By default, ActiveMQ does not request a Username or password for consumers and producers. That means, everyone who knows your broker URL is able to connect to your broker and read your messages and/or send messages. For personal development this isn’t a big issue, but for business applications security plays an important role.
Because of that, I have played around with the authentication of consumers and producers on ActiveMQ brokers.
First of all you should know, that ActiveMQ supports a users and groups based authentication.In our example we would like to have two groups:
- senders: they are allowed to send messages into queues (write access)
- receivers: they are allowed to consume the messages (read access)

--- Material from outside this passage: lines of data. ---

text \<open>\<open>coord_curve \<gamma> (a u) (b u)\<close> is the curve \<open>f\<^sub>u(\<zeta>(\<gamma>))\<close> in \<open>\<complex>\<close>.\<close>

definition coord_curve :: "(real \<Rightarrow> real^3) \<Rightarrow> complex \<Rightarrow> complex \<Rightarrow> real \<Rightarrow> complex" where
  "coord_curve \<gamma> \<alpha> \<beta> t = of_real (\<gamma> t $ 1) + of_real (\<gamma> t $ 2) * \<alpha> + of_real (\<gamma> t $ 3) * \<beta>"

lemma coord_curve_log_derivative_integral:
  fixes \<gamma> \<gamma>' :: "real \<Rightarrow> real^3"
  assumes \<gamma>': "\<And>i t. ((\<lambda>s. \<gamma> s $ i) has_real_derivative \<gamma>' t $ i) (at t)"
    and cont: "continuous_on UNIV \<gamma>'" and L: "L > 0"
    and jordan: "pos_jordan_around0 (\<lambda>s. coord_curve \<gamma> \<alpha> \<beta> (L * s))"
  shows "\<forall>t\<in>{0..L}. coord_curve \<gamma> \<alpha> \<beta> t \<noteq> 0"
    and "integral {0..L} (\<lambda>t. 1 / coord_curve \<gamma> \<alpha> \<beta> t * of_real (\<gamma>' t $ 1))
       + integral {0..L} (\<lambda>t. 1 / coord_curve \<gamma> \<alpha> \<beta> t * of_real (\<gamma>' t $ 2)) * \<alpha>
       + integral {0..L} (\<lambda>t. 1 / coord_curve \<gamma> \<alpha> \<beta> t * of_real (\<gamma>' t $ 3)) * \<beta> = 2 * pi * \<i>"
proof -
  define Z where "Z = coord_curve \<gamma> \<alpha> \<beta>"
  define Z' where "Z' t = of_real (\<gamma>' t $ 1) + of_real (\<gamma>' t $ 2) * \<alpha> + of_real (\<gamma>' t $ 3) * \<beta>" for t
  have "(Z has_vector_derivative Z' t) (at t)" for t
    unfolding Z_def Z'_def coord_curve_def [abs_def]
    by (intro derivative_intros has_vector_derivative_of_real \<gamma>')
  moreover have "continuous_on UNIV Z'"
    unfolding Z'_def by (intro continuous_intros cont)
  ultimately have Z0: "\<forall>t\<in>{0..L}. Z t \<noteq> 0" and "((\<lambda>t. Z' t / Z t) has_integral 2 * pi * \<i>) {0..L}"
    using jordan_loop_log_derivative_integral[OF _ _ L] jordan unfolding Z_def by blast+
  then show "\<forall>t\<in>{0..L}. coord_curve \<gamma> \<alpha> \<beta> t \<noteq> 0"
    by (simp add: Z_def)
  have "continuous_on UNIV (\<lambda>t. \<chi> i. \<gamma> t $ i)"
    using \<gamma>' by (intro continuous_on_vec_lambda continuous_at_imp_continuous_on ballI DERIV_isCont)
  then have "continuous_on {0..L} Z"
    unfolding Z_def coord_curve_def [abs_def]
    by (intro continuous_intros) (auto intro: continuous_on_subset)
  then have "(\<lambda>t. 1 / Z t * of_real (\<gamma>' t $ i)) integrable_on {0..L}" for i
    using Z0 cont by (intro integrable_continuous_interval continuous_intros)
      (auto intro: continuous_on_subset)
  then have "((\<lambda>t. 1 / Z t * of_real (\<gamma>' t $ 1) + 1 / Z t * of_real (\<gamma>' t $ 2) * \<alpha>
      + 1 / Z t * of_real (\<gamma>' t $ 3) * \<beta>) has_integral
      integral {0..L} (\<lambda>t. 1 / Z t * of_real (\<gamma>' t $ 1))
      + integral {0..L} (\<lambda>t. 1 / Z t * of_real (\<gamma>' t $ 2)) * \<alpha>
      + integral {0..L} (\<lambda>t. 1 / Z t * of_real (\<gamma>' t $ 3)) * \<beta>) {0..L}"
    by (intro has_integral_add has_integral_mult_left integrable_integral)
  moreover have "1 / Z t * of_real (\<gamma>' t $ 1) + 1 / Z t * of_real (\<gamma>' t $ 2) * \<alpha>
      + 1 / Z t * of_real (\<gamma>' t $ 3) * \<beta> = Z' t / Z t" for t
    by (simp add: Z'_def divide_inverse ring_distribs mult_ac)
  ultimately have "((\<lambda>t. Z' t / Z t) has_integral
      integral {0..L} (\<lambda>t. 1 / Z t * of_real (\<gamma>' t $ 1))
      + integral {0..L} (\<lambda>t. 1 / Z t * of_real (\<gamma>' t $ 2)) * \<alpha>
      + integral {0..L} (\<lambda>t. 1 / Z t * of_real (\<gamma>' t $ 3)) * \<beta>) {0..L}"
    by simp
  from has_integral_unique[OF this \<open>((\<lambda>t. Z' t / Z t) has_integral 2 * pi * \<i>) {0..L}\<close>]
  show "integral {0..L} (\<lambda>t. 1 / coord_curve \<gamma> \<alpha> \<beta> t * of_real (\<gamma>' t $ 1))
       + integral {0..L} (\<lambda>t. 1 / coord_curve \<gamma> \<alpha> \<beta> t * of_real (\<gamma>' t $ 2)) * \<alpha>
       + integral {0..L} (\<lambda>t. 1 / coord_curve \<gamma> \<alpha> \<beta> t * of_real (\<gamma>' t $ 3)) * \<beta> = 2 * pi * \<i>"
    by (simp only: Z_def)
qed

Setup groups and users for Receiver and Consumer:
To setup those two groups and one user for each group you have to add these lines (starting with „plugins“) to your activemq.xml :
ATTENTION: in earlier versions (I tested it also with 5.5.1) you have to insert the plugins-element in the correct alphabetical order. See also: http://activemq.apache.org/xml-reference.html –> Alphabetically ordered xml elements (5.4 – 5.5.1)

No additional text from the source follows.